I have a program I wrote to take a string of words and, based on the delimiter that appears, separate each word and add it to an array.
I've adjusted it to account for either a ' ' , '.' or '.'. Now the goal is to adjust for multiple delimiters appearing together (as in "the dog,,,was walking") and still only add the word. While my program works, and it doesn't print out extra delimiters, every time it encounters additional delimiters, it includes a space in the output instead of ignoring them.

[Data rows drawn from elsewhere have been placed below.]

text \<open>
  In internal degree \<open>i + 1\<close> the Koszul complex of \<open>R/I(G)\<close> consists of the chains
  \<open>1 \<otimes> e\<^sub>F\<close> with \<open>|F| = i + 1\<close> in homological degree \<open>i + 1\<close> and \<open>x\<^sub>v \<otimes> e\<^sub>F\<close> with
  \<open>|F| = i\<close> in degree \<open>i\<close>. The differential is injective on the former, and a cycle among the
  latter is determined by one constant per connected component of the complement of \<open>G\<close>
  restricted to an \<open>(i + 1)\<close>-set \<open>W\<close>: its signed coefficients at the chains
  \<open>x\<^sub>v \<otimes> e\<^bsub>W - {v}\<^esub>\<close> agree along every complement edge \<open>{a, b}\<close>, because \<open>x\<^sub>a x\<^sub>b\<close> is a
  standard monomial and the boundary at \<open>x\<^sub>a x\<^sub>b \<otimes> e\<^bsub>W - {a, b}\<^esub>\<close> must vanish. Hence
  \<open>\<beta>\<^sub>i\<^sub>,\<^sub>i\<^sub>+\<^sub>1\<close> is the sum of \<open>c(W) - 1\<close> over all \<open>(i + 1)\<close>-sets \<open>W\<close>, where \<open>c(W)\<close> counts
  these components.

  For the circulant graph, two vertices are non-adjacent iff they are congruent mod \<open>l\<close> and
  their quotients are non-adjacent in \<open>C\<^sub>m\<close>: the complement is \<open>l\<close> disjoint copies of the
  complement of \<open>C\<^sub>m\<close>, one on each residue class. For \<open>m \<ge> 5\<close> a nonempty set of vertices of the
  complement of \<open>C\<^sub>m\<close> induces a connected graph unless it is an edge \<open>{q, q + 1}\<close> or a path
  \<open>{q - 1, q, q + 1}\<close> of \<open>C\<^sub>m\<close>, which have two components. Counting the sets \<open>W\<close> by their
  traces on the residue classes, and using \<open>C(N, i - 1) + C(N, i - 2) = C(N + 1, i - 1)\<close>, gives
  the formula.
\<close>

section \<open>Finitely supported functions as a vector space\<close>

interpretation fun_space: vector_space "fun_scale :: 'k::field \<Rightarrow> ('a \<Rightarrow> 'k) \<Rightarrow> ('a \<Rightarrow> 'k)"
  by unfold_locales (auto simp: fun_scale_def algebra_simps fun_eq_iff)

int main(int argc, const char * argv[]) {
char *givenString = "USA,Canada,Mexico,Bermuda,Grenada,Belize";
int stringCharCount;
//get length of string to allocate enough memory for array
for (int i = 0; i < 1000; i++) {
if (givenString[i] == '\0') {
break;
}
else {
stringCharCount++;
}
}
// counting # of commas in the original string
int commaCount = 1;
for (int i = 0; i < stringCharCount; i++) {
if (givenString[i] == ',' || givenString[i] == '.' || givenString[i] == ' ') {
commaCount++;
}
}
//declare blank Array that is the length of commas (which is the number of elements in the original string)
//char *finalArray[commaCount];
int z = 0;
char *finalArray[commaCount] ;
char *wordFiller = malloc(stringCharCount);
int j = 0;
char current = ' ';
for (int i = 0; i <= stringCharCount; i++) {
if (((givenString[i] == ',' || givenString[i] == '\0' || givenString[i] == ',' || givenString[i] == ' ') && (current != (' ' | '.' | ',')))) {
finalArray[z] = wordFiller;
wordFiller = malloc(stringCharCount);
j=0;
z++;
current = givenString[i];
}
else {
wordFiller[j++] = givenString[i];
}
}
for (int i = 0; i < commaCount; i++) {
printf("%s\n", finalArray[i]);
}
return 0;
}
This program took me hours and hours to get together (with help from more experienced developers) and I can't help but get frustrated. I'm using the debugger to my best ability but definitely need more experience with it.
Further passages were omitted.